I'm trying to optimize the dmix because I'm working with a big number of channels (up to 16) and in this case the dmix has not a negligible impact on performance.

I'm working with ALSA 1.1.9. I gave my first look to the generic_mix_areas_16_native function (https://github.com/alsa-project/alsa-lib/blob/v1.1.9/src/pcm/pcm_dmix_generic.c#L130).

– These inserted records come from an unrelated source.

lemma payoff_less_if_period_gains:
  fixes c :: "real \<Rightarrow> real" and gain :: "nat \<Rightarrow> real"
  assumes "strategy X" "strategy Y" "mono_on {0..<1} c"
    and "0 \<le> p" "p \<le> 1" "0 \<le> v" "0 \<le> \<delta>" "\<delta> < 1"
    and "0 \<le> payoff c p v \<delta> X"
    and "\<And>s. period_payoff c p v \<delta> X s + ereal (gain s) \<le> period_payoff c p v \<delta> Y s"
    and "\<And>s. 0 \<le> gain s" "0 < gain t"
  shows "payoff c p v \<delta> X < payoff c p v \<delta> Y"
proof -
  have pos_X: "(\<Sum>s. max 0 (period_payoff c p v \<delta> X s)) < \<infinity>"
    and pos_Y: "(\<Sum>s. max 0 (period_payoff c p v \<delta> Y s)) < \<infinity>"
    using suminf_pos_period_payoff_finite assms(1-8) by blast+
  have neg_X: "(\<Sum>s. max 0 (- period_payoff c p v \<delta> X s)) < \<infinity>"
    using assms(9) pos_X unfolding payoff_def
    by (cases "\<Sum>s. max 0 (period_payoff c p v \<delta> X s)";
        cases "\<Sum>s. max 0 (- period_payoff c p v \<delta> X s)") auto
  show ?thesis
    unfolding payoff_def using assms(10-12) pos_X neg_X pos_Y by (rule suminf_pos_minus_neg_less)
qed

lemma is_interval_obtain_segment:
  fixes L :: "real set"
  assumes "is_interval L" "0 < measure lebesgue L"
  obtains x y where "x < y" "{x..y} \<subseteq> L"
proof -
  have "\<exists>x\<in>L. \<exists>y\<in>L. x < y"
  proof (rule ccontr)
    assume "\<not> (\<exists>x\<in>L. \<exists>y\<in>L. x < y)"
    then have "L = {} \<or> (\<exists>x. L = {x})"
      by (metis linorder_neqE_linordered_idom subsetI singleton_iff subset_singleton_iff)
    then show False
      using assms(2) by auto
  qed
  then show ?thesis
    using assms(1) that unfolding is_interval_1 by (meson atLeastAtMost_iff subsetI)
qed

I would ask you if I can avoid to check, for each loop iteration, if the current dst sample is not 0.

    for (;;) {
        sample = *src;
        if (! *dst) {
            *sum = sample;
            *dst = *src;
        } else {
            sample += *sum;
            *sum = sample;
            if (sample > 0x7fff)
                sample = 0x7fff;
            else if (sample < -0x8000)
                sample = -0x8000;
            *dst = sample;
        }
        if (!--size)
            return;
        src = (signed short *) ((char *)src + src_step);
        dst = (signed short *) ((char *)dst + dst_step);
        sum = (signed int *)   ((char *)sum + sum_step);
    }

Could it be possible check for the first sample of the period only, as reported in the code below? My assumption is that if dst[0] is 0 also dst[1] ... dst[period-1] will be 0, and I don't need to check every time. This is already an optimization, but it could be also a starting point for other optimization based on my HW. But, first of all, I would ask to you if my assumption is right.

    if (! *dst) {
        for (;;) {
            sample = *src;
            *sum = sample;
            *dst = *src;

            if (!--size)
                return;

            src = (signed short *) ((char *)src + src_step);
            dst = (signed short *) ((char *)dst + dst_step);
            sum = (signed int *)   ((char *)sum + sum_step);
        }

    } else {
        for (;;) {
            sample = *src;
            sample += *sum;
            *sum = sample;

            if (sample > 0x7fff)
                sample = 0x7fff;
            else if (sample < -0x8000)
                sample = -0x8000;
            *dst = sample;

            if (!--size)
                return;

            src = (signed short *) ((char *)src + src_step);
            dst = (signed short *) ((char *)dst + dst_step);
            sum = (signed int *)   ((char *)sum + sum_step);
        }
    }

Thank you!

Best Regards,
Giuliano

^ permalink raw reply	[flat|nested] 4+ messages in thread

* Re: dmix optimization
  2021-08-02  9:25 dmix optimization Giuliano Zannetti - ART S.p.A.
@ 2021-08-02 16:27 ` Geraldo Nascimento
  2021-08-03  7:26 ` I: " Giuliano Zannetti - ART S.p.A.
  1 sibling, 0 replies; 4+ messages in thread
From: Geraldo Nascimento @ 2021-08-02 16:27 UTC (permalink / raw)
  To: Giuliano Zannetti - ART S.p.A.; +Cc: alsa-devel

Hello Giuliano,

My suggestion is to repost your question with Cc: to Jaroslav Kysela
and Takashi Iwai.

I *think* Takashi Iwai deals more with kernelspace and Jaroslav Kysela
is the one that can help you with alsa-lib.

This is a high volume list and sometimes mail will get ignored.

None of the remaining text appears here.